**Activity**:
Lines from the top of the entries through the line that has "using assms(5)" must be duplicated exactly, and no others.
+===+
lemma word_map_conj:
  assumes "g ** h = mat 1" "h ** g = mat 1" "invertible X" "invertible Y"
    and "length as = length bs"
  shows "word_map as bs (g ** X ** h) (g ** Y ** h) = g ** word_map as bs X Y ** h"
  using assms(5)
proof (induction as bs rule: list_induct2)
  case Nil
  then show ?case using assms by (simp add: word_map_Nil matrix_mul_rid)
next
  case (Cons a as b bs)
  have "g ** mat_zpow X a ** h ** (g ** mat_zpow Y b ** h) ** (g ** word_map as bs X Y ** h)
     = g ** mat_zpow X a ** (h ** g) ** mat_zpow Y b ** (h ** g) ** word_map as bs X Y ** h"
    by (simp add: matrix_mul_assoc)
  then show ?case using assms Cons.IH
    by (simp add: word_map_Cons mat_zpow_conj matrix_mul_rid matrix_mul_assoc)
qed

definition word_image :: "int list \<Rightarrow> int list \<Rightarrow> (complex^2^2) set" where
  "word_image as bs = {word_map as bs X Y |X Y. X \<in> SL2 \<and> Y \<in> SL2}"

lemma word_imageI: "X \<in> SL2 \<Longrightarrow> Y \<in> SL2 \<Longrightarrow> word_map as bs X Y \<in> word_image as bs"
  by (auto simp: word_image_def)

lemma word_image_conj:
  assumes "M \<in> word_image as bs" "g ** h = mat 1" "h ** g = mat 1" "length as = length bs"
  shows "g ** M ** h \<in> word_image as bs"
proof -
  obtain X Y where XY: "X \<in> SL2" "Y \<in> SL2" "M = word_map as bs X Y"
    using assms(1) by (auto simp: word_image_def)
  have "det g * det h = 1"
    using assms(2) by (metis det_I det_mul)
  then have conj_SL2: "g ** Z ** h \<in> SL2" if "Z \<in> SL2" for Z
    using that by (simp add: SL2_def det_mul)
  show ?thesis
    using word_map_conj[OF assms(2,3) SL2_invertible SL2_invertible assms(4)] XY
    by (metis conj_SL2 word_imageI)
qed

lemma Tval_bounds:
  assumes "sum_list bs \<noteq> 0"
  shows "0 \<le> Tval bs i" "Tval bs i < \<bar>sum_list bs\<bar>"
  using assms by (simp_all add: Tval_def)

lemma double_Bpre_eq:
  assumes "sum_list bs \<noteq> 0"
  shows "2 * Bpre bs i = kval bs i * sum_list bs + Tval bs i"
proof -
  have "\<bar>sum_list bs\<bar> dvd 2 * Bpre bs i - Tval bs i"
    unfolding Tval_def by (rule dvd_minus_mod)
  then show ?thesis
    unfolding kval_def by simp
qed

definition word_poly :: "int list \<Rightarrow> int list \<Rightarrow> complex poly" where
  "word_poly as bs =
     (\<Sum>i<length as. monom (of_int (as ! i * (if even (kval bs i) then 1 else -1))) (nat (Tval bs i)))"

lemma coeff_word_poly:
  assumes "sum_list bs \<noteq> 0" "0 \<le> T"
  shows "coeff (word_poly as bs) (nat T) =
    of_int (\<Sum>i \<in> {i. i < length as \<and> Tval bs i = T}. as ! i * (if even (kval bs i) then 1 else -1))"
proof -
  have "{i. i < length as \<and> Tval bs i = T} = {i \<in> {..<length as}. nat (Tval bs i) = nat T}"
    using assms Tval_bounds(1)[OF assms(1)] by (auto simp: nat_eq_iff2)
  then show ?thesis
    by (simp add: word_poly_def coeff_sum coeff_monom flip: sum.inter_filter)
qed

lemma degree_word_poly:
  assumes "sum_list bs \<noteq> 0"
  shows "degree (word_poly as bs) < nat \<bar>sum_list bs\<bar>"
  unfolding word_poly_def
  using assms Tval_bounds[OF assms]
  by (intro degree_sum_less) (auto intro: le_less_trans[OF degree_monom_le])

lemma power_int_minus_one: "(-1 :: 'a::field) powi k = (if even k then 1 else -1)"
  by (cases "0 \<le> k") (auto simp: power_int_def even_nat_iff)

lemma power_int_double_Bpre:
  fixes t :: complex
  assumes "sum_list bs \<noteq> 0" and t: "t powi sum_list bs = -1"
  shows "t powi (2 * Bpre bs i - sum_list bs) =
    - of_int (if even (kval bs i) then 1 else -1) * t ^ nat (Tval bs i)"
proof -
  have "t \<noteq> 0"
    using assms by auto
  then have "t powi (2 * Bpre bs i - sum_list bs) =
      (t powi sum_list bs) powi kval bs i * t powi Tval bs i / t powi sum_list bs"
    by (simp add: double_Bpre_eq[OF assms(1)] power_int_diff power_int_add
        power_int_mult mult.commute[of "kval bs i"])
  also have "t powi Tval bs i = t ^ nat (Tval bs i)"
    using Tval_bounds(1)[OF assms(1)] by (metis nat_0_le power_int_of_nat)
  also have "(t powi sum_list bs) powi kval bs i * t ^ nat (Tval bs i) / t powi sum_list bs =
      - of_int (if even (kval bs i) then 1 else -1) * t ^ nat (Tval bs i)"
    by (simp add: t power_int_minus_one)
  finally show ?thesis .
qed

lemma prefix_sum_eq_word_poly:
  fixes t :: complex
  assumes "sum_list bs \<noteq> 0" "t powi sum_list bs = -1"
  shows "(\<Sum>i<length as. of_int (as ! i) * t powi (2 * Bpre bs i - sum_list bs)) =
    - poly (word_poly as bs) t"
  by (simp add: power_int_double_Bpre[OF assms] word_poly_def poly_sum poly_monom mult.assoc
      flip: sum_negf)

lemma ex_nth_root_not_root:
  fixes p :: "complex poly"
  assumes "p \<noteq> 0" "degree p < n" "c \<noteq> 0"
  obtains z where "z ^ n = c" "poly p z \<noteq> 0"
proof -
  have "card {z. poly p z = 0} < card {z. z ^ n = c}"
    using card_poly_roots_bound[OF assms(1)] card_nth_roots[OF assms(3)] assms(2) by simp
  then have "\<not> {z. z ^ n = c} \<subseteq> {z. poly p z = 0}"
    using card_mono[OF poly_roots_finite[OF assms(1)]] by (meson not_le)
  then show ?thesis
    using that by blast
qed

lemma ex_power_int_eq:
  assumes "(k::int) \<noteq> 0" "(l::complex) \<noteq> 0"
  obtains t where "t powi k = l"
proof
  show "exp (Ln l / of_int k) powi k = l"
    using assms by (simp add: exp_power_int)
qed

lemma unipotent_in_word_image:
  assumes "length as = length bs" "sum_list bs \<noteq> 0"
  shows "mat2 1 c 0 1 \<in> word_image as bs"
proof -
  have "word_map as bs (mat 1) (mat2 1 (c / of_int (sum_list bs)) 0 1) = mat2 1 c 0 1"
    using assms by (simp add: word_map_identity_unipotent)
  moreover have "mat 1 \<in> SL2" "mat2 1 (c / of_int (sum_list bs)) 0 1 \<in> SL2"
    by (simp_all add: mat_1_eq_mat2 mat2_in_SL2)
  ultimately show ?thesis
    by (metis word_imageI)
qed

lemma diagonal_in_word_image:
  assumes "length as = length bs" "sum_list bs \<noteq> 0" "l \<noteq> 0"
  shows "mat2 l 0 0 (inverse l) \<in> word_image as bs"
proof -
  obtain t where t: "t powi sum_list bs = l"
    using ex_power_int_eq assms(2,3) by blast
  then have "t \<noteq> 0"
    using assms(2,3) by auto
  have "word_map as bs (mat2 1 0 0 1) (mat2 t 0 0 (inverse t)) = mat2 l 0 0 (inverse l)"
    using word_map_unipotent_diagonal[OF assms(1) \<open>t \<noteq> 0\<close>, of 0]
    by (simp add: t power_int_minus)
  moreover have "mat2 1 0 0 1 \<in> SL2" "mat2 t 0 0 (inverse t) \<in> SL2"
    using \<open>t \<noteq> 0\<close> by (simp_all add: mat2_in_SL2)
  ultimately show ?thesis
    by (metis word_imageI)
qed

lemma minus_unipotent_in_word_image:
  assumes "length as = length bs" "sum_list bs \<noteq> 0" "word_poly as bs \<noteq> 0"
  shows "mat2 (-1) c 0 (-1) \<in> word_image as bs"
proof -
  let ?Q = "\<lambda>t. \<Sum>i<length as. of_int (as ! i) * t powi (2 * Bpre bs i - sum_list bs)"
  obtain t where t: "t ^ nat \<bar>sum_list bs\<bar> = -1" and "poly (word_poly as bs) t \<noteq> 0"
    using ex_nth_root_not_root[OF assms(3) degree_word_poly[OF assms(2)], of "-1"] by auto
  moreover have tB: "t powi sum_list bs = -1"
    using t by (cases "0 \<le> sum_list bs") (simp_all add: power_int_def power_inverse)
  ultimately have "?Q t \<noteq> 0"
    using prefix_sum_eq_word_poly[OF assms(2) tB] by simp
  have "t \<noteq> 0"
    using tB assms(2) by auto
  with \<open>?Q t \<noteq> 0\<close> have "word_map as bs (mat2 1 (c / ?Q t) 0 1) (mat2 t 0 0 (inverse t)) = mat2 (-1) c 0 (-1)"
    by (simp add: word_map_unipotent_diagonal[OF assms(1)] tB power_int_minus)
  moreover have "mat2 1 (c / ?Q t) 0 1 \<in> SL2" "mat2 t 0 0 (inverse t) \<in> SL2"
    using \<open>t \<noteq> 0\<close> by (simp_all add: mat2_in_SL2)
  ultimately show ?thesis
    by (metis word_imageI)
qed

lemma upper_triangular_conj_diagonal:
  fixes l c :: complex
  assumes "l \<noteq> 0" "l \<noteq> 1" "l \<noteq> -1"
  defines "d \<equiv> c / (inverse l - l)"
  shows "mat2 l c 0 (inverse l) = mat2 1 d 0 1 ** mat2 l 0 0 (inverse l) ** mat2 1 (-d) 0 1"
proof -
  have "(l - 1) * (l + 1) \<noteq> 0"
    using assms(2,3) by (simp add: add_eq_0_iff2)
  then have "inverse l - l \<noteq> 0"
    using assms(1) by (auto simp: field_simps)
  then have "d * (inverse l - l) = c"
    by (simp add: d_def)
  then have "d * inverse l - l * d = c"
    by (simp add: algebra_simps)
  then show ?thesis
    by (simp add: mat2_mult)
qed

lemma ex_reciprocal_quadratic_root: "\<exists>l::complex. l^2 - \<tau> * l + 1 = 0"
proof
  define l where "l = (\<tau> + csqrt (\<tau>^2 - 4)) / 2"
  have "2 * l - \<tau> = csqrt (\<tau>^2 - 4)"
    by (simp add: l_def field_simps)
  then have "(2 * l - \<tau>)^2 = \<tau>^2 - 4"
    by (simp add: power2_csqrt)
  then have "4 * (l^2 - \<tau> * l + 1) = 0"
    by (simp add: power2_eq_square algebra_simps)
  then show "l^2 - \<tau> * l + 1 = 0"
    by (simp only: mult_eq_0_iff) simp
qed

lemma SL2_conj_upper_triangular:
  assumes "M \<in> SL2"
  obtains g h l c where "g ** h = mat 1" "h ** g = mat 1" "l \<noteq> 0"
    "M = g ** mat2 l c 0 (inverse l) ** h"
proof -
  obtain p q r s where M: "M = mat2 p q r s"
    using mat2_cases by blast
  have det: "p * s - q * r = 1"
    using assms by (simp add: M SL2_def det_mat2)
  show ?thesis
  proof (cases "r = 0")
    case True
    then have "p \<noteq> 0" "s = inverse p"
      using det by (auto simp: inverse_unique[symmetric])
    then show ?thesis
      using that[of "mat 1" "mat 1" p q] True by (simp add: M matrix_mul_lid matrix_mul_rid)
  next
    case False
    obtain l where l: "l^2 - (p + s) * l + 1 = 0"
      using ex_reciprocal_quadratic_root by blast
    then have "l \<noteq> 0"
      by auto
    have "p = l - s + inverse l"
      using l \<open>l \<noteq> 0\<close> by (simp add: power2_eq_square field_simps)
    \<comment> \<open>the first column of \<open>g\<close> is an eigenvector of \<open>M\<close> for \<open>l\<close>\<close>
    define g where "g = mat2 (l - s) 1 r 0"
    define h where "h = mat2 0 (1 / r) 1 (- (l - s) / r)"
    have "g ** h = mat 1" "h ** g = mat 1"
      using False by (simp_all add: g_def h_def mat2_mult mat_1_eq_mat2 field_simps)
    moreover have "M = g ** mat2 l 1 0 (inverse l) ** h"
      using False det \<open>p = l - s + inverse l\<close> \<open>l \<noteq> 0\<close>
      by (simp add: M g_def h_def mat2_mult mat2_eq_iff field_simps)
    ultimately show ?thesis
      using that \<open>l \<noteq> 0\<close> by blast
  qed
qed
+===+
**Answer box**:
lemma word_map_conj:
  assumes "g ** h = mat 1" "h ** g = mat 1" "invertible X" "invertible Y"
    and "length as = length bs"
  shows "word_map as bs (g ** X ** h) (g ** Y ** h) = g ** word_map as bs X Y ** h"
  using assms(5)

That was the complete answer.